● Exercise: The answer consists of one number: how many lines of the data below include the string "distfun".

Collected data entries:
(* Let $0<R\le\infty$ and let $\varphi$ be a quasiconcave function on $[0,R)$. Then: (i) there is $C>0$ such that $(S_\varphi f)^{**}(t)\le C\,S_\varphi(f^{**})(t)$ for all measurable $f$ on $(0,R)$ and all $t\in(0,R)$ if and only if $\varphi$ satisfies the $B$-condition; (ii) there is $C>0$ such that $S_\varphi(f^{**})(t)\le C\,S_\varphi f(t)$ for all measurable $f$ on $(0,R)$ and all $t\in(0,R)$ if and only if $\varphi$ satisfies the $B$-condition.
   Context: For a measurable a.e. finite function $f$ on $(0,R)$, $f^*$ is its non-increasing rearrangement, $f^*(t)=\inf\{\lambda>0: |\{x:|f(x)|>\lambda\}|\le t\}$, and $f^{**}(t)=\frac1t\int_0^t f^*(s)\,ds$. A function $\varphi\colon[0,R)\to[0,\infty)$ is quasiconcave if $\varphi(t)=0$ iff $t=0$, $\varphi$ is non-decreasing, and $\varphi(t)/t$ is non-increasing on $(0,R)$. It satisfies the $B$-condition if there is $C>0$ with $\frac1t\int_0^t \frac{ds}{\varphi(s)}\le \frac{C}{\varphi(t)}$ for all $t\in(0,R)$. $S_\varphi f(t)=\frac{1}{\varphi(t)}\sup_{0<s<t}\varphi(s)f^*(s)$, $t\in(0,R)$; $S_\varphi(f^{**})$ is $S_\varphi$ applied to the function $f^{**}$. *)

theory Defs
  imports "HOL-Analysis.Analysis"
begin

definition openI :: "ereal \<Rightarrow> real set" where
  "openI R = {x. 0 < x \<and> ereal x < R}"

definition distfun :: "ereal \<Rightarrow> (real \<Rightarrow> ennreal) \<Rightarrow> ennreal \<Rightarrow> ennreal" where
  "distfun R g lam = emeasure lebesgue {x \<in> openI R. g x > lam}"

definition rearr :: "ereal \<Rightarrow> (real \<Rightarrow> ennreal) \<Rightarrow> real \<Rightarrow> ennreal" where
  "rearr R g t = Inf {lam. 0 < lam \<and> distfun R g lam \<le> ennreal t}"

definition dstar :: "ereal \<Rightarrow> (real \<Rightarrow> ennreal) \<Rightarrow> real \<Rightarrow> ennreal" where
  "dstar R g t = ennreal (1 / t) * (\<integral>\<^sup>+ s \<in> {0<..<t}. rearr R g s \<partial>lborel)"

definition Sphi :: "(real \<Rightarrow> real) \<Rightarrow> ereal \<Rightarrow> (real \<Rightarrow> ennreal) \<Rightarrow> real \<Rightarrow> ennreal" where
  "Sphi \<phi> R g t = ennreal (1 / \<phi> t) * (SUP s \<in> {0<..<t}. ennreal (\<phi> s) * rearr R g s)"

● Solution for this problem: 3